** SOURCE DATA follows **

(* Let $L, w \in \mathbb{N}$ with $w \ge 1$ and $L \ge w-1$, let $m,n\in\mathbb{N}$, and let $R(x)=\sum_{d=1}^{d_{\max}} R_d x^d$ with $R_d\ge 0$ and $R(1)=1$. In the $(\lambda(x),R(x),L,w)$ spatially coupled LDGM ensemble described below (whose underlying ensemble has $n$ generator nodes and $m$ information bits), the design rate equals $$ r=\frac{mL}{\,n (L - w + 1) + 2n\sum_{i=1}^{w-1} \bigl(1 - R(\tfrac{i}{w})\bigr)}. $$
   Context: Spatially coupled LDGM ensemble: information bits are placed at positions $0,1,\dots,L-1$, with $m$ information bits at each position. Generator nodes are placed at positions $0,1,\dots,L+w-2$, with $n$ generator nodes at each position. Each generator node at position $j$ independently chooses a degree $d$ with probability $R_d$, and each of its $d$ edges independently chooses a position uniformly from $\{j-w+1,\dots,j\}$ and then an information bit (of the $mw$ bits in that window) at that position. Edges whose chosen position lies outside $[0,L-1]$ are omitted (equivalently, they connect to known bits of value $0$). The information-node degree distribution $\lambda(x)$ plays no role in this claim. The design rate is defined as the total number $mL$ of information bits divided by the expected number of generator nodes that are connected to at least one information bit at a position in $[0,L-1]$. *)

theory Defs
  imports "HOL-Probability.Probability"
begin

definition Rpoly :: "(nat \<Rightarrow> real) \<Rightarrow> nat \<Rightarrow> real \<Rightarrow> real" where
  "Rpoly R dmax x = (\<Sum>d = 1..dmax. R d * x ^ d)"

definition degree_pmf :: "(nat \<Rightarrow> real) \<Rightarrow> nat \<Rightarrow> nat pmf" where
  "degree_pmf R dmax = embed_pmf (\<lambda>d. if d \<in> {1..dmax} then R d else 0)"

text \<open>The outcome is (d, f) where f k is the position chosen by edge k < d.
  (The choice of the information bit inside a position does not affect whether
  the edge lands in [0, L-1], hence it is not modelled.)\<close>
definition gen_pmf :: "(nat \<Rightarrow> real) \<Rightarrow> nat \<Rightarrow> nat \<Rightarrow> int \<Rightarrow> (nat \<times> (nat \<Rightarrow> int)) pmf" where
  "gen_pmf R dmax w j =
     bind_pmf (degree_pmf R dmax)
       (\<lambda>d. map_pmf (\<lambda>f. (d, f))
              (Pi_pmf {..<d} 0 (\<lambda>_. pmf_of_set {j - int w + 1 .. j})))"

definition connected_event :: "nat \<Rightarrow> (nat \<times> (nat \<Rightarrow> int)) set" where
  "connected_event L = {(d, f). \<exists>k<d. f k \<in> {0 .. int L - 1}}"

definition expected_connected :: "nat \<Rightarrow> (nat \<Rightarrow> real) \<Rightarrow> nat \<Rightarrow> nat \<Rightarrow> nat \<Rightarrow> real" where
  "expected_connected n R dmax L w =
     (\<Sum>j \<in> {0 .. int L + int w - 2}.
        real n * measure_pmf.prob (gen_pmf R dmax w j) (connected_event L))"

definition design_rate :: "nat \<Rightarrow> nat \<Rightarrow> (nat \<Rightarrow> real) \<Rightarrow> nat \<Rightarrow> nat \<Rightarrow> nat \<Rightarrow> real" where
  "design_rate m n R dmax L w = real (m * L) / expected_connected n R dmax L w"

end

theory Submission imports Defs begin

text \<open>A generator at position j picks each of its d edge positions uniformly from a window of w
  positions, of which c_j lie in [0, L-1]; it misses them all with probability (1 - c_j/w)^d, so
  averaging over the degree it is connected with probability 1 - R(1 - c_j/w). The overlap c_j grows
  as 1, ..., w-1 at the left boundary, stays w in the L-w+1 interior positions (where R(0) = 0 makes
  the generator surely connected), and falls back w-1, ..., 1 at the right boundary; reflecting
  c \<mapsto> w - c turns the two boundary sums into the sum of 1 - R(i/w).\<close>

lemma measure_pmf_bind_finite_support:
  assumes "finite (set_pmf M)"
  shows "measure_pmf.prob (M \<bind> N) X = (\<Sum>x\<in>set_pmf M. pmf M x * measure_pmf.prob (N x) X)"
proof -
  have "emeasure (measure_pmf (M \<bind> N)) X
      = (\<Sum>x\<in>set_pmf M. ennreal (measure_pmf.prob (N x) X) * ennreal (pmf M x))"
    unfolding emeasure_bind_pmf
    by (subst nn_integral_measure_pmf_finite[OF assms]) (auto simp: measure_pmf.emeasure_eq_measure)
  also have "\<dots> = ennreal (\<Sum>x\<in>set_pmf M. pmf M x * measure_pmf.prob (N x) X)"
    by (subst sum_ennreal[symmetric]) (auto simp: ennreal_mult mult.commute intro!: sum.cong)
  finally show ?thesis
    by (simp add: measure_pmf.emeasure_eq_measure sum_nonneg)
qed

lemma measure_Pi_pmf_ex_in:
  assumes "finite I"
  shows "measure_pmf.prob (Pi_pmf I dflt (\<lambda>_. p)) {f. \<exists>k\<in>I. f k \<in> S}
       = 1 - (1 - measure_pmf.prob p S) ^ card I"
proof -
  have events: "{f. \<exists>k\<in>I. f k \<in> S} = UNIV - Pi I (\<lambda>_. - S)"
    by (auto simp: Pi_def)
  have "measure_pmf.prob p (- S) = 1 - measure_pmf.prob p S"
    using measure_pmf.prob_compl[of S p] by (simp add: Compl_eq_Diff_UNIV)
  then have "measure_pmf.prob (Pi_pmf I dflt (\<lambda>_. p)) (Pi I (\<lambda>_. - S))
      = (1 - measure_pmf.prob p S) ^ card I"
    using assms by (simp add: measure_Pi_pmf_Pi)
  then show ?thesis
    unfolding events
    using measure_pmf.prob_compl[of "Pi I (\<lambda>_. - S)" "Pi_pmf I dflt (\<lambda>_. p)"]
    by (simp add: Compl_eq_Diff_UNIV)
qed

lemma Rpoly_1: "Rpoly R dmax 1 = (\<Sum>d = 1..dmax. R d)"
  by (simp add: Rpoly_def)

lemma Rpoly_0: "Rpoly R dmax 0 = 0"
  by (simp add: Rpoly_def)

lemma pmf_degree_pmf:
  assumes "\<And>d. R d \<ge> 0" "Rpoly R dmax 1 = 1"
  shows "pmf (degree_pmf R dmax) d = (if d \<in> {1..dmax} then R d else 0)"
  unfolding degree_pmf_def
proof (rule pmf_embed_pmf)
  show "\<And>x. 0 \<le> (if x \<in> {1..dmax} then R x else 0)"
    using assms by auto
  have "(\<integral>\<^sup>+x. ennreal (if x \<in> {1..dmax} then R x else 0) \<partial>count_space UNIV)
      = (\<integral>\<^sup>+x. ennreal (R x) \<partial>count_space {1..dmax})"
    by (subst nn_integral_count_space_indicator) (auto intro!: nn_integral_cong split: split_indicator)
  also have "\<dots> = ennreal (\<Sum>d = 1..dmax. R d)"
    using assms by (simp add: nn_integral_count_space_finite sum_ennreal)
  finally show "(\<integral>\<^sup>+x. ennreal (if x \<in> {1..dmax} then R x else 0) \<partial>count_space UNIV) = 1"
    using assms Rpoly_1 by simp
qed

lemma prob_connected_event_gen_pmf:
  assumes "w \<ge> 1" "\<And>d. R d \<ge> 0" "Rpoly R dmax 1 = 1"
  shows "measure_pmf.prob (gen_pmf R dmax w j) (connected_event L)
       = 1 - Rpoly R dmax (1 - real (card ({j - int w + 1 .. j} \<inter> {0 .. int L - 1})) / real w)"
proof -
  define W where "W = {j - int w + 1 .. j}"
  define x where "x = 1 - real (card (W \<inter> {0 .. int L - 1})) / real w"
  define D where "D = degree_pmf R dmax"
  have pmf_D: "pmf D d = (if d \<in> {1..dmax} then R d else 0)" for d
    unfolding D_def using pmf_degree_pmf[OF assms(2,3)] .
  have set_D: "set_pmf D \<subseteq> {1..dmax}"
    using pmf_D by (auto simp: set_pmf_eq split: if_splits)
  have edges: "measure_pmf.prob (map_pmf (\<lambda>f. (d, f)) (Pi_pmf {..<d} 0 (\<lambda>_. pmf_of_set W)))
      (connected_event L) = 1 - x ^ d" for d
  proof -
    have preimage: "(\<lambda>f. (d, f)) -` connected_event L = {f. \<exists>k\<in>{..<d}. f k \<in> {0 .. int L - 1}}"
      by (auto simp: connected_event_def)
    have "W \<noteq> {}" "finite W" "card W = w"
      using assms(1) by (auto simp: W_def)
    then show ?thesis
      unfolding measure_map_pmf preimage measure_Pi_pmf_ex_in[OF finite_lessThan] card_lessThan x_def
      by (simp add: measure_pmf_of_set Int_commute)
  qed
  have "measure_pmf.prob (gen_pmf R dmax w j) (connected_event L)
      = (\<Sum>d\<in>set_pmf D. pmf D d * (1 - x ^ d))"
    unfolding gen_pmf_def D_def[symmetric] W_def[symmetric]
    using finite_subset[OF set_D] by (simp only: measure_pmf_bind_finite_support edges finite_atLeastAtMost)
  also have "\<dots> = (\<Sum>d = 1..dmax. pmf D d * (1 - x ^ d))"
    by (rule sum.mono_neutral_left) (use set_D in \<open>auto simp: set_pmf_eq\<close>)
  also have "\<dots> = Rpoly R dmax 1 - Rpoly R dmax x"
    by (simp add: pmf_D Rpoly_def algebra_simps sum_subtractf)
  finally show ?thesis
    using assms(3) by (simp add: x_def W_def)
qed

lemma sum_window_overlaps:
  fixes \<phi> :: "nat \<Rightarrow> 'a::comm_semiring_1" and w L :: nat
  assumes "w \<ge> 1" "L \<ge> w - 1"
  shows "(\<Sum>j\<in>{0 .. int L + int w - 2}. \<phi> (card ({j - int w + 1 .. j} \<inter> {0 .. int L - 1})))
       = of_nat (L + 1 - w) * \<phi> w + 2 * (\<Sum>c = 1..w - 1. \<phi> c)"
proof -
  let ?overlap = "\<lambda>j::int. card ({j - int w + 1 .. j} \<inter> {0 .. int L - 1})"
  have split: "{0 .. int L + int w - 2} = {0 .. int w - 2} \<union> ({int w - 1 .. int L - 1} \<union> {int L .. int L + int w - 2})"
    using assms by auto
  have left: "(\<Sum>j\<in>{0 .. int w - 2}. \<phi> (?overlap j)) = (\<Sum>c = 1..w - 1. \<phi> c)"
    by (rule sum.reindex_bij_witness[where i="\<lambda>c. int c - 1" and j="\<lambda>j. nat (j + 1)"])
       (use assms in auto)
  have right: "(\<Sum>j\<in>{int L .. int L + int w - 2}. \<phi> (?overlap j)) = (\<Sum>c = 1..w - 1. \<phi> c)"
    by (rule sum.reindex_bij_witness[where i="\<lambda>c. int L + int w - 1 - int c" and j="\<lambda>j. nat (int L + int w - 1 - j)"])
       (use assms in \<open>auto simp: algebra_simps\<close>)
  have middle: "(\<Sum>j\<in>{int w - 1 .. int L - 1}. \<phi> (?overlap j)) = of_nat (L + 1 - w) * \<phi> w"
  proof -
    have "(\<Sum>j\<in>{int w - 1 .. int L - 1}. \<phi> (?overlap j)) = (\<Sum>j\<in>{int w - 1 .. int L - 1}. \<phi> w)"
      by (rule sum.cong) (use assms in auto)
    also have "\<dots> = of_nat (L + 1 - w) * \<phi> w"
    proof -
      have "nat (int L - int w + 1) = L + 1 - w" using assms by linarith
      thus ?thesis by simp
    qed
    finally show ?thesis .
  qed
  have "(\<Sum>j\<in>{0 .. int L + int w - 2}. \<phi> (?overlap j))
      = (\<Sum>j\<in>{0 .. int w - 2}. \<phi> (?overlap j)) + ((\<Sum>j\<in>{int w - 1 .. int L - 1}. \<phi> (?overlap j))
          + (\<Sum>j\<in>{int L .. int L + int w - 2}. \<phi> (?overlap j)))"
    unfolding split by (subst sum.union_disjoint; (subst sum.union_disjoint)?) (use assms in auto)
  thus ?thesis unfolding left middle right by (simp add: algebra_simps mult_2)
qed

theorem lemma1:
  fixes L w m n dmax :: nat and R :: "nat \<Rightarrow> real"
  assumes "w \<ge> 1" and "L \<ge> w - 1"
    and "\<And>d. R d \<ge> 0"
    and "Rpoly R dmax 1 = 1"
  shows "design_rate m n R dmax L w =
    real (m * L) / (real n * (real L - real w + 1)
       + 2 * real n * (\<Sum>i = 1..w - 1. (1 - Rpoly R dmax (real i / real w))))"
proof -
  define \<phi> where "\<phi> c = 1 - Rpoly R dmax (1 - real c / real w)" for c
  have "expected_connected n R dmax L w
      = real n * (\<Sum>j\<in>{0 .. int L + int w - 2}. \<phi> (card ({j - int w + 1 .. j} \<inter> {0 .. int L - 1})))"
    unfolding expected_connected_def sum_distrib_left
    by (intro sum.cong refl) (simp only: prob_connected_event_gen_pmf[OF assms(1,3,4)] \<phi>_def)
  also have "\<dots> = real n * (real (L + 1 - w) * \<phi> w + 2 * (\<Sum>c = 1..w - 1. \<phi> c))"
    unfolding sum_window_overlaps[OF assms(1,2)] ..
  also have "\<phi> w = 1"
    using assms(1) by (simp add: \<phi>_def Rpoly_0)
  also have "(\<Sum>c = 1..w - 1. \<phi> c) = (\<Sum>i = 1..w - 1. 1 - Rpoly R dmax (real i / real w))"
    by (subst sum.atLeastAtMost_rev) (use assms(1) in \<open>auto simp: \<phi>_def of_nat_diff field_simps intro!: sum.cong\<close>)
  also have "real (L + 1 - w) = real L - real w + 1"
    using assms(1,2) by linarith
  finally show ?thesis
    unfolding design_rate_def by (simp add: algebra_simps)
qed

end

** End of SOURCE DATA **
** SOURCE DATA follows **

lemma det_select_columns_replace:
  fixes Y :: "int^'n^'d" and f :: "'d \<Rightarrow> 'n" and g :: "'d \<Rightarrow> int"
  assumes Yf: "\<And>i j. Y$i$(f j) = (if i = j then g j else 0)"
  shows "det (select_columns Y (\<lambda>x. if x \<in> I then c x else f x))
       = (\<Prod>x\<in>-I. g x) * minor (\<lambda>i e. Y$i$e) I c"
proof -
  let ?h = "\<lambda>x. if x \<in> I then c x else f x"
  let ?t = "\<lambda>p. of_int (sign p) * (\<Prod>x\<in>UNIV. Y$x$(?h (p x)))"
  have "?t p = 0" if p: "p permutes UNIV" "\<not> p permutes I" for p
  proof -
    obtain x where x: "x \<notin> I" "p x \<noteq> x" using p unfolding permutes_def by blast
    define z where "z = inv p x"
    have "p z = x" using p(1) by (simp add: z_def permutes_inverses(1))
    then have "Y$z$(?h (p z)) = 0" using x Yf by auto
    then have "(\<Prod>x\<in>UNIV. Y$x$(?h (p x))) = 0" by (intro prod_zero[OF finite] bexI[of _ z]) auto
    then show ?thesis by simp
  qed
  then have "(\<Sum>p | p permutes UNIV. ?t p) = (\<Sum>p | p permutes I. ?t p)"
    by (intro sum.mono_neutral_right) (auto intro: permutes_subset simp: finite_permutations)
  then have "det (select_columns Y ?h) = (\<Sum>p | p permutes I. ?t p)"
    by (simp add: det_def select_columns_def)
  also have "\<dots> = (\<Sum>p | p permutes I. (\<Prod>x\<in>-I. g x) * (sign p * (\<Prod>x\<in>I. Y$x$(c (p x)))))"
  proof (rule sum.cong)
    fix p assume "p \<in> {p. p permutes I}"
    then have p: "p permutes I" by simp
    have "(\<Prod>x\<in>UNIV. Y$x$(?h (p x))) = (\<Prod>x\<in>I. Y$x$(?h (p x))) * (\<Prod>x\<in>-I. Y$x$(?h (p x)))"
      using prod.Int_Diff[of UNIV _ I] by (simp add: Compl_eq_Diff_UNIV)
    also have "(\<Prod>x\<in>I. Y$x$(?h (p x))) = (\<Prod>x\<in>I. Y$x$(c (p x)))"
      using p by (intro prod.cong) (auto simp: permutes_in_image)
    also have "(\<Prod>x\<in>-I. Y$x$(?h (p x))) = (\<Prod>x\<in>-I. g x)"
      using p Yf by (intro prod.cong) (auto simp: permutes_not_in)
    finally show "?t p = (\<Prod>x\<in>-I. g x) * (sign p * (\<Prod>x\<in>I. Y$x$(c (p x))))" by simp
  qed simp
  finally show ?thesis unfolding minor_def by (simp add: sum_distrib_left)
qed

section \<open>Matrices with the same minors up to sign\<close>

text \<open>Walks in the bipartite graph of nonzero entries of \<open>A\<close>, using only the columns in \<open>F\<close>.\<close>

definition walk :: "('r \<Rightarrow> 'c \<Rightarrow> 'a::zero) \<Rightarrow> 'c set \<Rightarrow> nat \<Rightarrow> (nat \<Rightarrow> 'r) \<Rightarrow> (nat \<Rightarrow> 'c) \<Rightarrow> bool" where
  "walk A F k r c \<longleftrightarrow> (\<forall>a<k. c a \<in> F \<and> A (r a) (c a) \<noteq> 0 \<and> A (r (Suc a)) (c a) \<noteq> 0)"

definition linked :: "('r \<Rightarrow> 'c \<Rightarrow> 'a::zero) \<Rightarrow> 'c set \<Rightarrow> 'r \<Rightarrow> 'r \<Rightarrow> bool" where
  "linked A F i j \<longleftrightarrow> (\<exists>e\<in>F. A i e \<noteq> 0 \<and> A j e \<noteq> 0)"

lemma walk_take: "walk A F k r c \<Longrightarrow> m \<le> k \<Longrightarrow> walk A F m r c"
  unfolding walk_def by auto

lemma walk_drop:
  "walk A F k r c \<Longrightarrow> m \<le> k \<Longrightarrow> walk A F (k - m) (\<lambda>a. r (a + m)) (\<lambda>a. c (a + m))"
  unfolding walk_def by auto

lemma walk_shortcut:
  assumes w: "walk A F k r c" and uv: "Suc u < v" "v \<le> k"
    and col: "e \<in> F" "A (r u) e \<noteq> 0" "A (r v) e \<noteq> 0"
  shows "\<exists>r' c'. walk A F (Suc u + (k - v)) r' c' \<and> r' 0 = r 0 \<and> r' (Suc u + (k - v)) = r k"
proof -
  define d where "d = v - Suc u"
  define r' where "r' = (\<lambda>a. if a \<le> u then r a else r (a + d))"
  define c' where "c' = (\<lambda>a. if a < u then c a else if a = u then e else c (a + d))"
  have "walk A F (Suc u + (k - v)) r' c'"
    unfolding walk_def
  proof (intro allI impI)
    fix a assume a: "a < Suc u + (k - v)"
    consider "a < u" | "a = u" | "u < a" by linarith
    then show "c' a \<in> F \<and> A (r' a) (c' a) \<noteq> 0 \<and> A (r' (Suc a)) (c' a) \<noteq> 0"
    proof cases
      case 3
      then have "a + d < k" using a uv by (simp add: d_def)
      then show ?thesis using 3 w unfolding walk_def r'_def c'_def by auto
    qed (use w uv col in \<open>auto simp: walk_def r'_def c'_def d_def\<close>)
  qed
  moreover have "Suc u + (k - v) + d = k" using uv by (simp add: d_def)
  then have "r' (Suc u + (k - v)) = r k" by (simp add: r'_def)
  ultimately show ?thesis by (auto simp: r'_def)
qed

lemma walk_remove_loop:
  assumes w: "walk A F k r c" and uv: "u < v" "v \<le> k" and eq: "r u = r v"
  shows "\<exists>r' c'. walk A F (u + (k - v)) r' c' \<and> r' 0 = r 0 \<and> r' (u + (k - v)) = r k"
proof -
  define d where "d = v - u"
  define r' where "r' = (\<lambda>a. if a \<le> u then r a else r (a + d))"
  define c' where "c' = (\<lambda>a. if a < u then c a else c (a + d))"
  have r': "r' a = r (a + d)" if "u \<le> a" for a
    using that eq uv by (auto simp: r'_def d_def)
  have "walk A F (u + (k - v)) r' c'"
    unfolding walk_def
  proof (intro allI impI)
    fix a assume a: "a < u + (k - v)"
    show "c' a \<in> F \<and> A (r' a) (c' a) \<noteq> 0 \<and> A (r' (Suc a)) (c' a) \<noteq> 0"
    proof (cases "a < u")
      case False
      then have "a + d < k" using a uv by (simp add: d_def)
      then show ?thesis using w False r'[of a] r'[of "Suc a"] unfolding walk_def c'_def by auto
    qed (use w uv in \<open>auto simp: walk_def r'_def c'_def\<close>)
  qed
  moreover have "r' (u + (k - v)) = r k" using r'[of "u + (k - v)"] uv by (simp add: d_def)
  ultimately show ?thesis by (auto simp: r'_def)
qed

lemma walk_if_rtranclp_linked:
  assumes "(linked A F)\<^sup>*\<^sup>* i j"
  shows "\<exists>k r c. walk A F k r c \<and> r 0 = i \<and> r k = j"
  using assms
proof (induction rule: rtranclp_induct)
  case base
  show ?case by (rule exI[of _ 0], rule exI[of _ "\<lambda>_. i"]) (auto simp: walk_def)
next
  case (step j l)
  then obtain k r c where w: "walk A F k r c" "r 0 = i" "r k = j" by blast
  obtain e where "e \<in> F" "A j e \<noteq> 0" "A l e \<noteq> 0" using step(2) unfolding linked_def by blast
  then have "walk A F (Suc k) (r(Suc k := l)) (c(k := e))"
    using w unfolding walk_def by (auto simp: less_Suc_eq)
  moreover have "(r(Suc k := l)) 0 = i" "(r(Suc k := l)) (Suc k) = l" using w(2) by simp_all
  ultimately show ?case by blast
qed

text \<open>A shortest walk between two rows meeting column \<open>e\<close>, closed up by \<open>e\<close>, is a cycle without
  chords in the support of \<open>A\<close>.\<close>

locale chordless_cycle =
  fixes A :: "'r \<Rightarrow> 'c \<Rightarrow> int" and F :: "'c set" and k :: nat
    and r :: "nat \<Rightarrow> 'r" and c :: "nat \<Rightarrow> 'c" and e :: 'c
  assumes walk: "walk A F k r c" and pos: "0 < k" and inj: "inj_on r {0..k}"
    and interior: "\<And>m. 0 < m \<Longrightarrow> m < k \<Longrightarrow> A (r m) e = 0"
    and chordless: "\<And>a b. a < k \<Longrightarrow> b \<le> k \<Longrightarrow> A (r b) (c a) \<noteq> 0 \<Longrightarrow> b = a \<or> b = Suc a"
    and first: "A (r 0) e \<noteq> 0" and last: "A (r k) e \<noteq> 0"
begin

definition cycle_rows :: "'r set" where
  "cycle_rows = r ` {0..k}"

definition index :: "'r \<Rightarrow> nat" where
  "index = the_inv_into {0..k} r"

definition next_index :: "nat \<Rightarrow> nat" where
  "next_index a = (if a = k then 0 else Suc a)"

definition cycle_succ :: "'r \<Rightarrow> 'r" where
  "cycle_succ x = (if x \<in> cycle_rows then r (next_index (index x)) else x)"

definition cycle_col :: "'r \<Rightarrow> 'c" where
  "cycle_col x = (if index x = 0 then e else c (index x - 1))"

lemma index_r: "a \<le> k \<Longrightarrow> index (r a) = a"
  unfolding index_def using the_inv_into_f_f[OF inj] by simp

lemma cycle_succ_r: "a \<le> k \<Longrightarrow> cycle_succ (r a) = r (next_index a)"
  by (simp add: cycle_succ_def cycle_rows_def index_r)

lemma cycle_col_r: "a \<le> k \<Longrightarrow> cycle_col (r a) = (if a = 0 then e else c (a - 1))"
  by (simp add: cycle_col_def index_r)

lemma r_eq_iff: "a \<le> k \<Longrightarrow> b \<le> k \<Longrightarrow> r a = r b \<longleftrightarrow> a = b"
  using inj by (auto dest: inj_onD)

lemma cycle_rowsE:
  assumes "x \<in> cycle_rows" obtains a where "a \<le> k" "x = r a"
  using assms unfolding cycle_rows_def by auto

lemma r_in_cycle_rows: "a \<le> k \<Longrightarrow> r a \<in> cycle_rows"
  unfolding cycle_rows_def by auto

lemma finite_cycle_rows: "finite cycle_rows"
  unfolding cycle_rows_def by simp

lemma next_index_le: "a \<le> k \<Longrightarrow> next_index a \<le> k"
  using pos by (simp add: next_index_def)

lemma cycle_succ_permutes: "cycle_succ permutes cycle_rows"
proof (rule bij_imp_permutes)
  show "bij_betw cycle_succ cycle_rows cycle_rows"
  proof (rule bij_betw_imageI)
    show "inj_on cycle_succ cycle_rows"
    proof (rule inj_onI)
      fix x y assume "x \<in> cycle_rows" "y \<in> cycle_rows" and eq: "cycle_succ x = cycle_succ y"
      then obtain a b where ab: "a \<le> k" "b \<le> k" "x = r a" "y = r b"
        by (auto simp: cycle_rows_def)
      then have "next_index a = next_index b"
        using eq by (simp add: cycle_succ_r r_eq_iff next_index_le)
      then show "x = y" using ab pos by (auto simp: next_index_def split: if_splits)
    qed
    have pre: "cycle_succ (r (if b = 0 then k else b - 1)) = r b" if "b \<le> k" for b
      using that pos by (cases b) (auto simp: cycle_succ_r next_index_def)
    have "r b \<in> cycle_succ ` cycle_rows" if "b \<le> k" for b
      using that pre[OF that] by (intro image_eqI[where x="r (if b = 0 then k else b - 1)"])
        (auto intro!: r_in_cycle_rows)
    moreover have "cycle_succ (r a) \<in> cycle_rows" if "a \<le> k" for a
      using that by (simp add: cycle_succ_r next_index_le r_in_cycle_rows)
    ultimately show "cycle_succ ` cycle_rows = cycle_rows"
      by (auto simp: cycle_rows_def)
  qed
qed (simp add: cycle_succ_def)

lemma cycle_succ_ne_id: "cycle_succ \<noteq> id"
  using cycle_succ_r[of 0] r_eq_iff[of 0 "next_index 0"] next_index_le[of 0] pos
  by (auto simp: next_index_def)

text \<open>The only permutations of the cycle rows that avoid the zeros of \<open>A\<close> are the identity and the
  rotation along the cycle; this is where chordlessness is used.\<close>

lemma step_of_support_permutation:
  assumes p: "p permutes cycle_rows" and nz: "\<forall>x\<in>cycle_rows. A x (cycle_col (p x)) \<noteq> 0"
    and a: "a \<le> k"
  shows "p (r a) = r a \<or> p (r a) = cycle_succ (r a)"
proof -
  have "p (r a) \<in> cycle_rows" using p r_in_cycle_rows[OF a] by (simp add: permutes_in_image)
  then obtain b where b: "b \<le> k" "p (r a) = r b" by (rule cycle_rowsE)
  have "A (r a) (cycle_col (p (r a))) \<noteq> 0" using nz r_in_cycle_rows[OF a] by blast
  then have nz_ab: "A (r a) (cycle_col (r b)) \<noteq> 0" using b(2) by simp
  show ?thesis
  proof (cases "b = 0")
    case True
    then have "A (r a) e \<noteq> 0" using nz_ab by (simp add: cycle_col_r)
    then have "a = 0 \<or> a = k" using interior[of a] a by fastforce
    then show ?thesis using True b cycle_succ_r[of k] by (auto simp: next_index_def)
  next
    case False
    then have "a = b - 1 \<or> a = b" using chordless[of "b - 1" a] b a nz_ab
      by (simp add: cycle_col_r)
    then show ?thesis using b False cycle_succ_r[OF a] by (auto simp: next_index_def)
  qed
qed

** End of SOURCE DATA **

PROBLEM DESCRIPTION: Among the records above, only the lines between the line holding "k \<Longrightarrow> cycle_succ" and the line holding "k \<Longrightarrow> r a \<in>", inclusive, are to be output, exactly as written.

OUTPUT FOR THIS TASK:
lemma cycle_succ_r: "a \<le> k \<Longrightarrow> cycle_succ (r a) = r (next_index a)"
  by (simp add: cycle_succ_def cycle_rows_def index_r)

lemma cycle_col_r: "a \<le> k \<Longrightarrow> cycle_col (r a) = (if a = 0 then e else c (a - 1))"
  by (simp add: cycle_col_def index_r)

lemma r_eq_iff: "a \<le> k \<Longrightarrow> b \<le> k \<Longrightarrow> r a = r b \<longleftrightarrow> a = b"
  using inj by (auto dest: inj_onD)

lemma cycle_rowsE:
  assumes "x \<in> cycle_rows" obtains a where "a \<le> k" "x = r a"
  using assms unfolding cycle_rows_def by auto

lemma r_in_cycle_rows: "a \<le> k \<Longrightarrow> r a \<in> cycle_rows"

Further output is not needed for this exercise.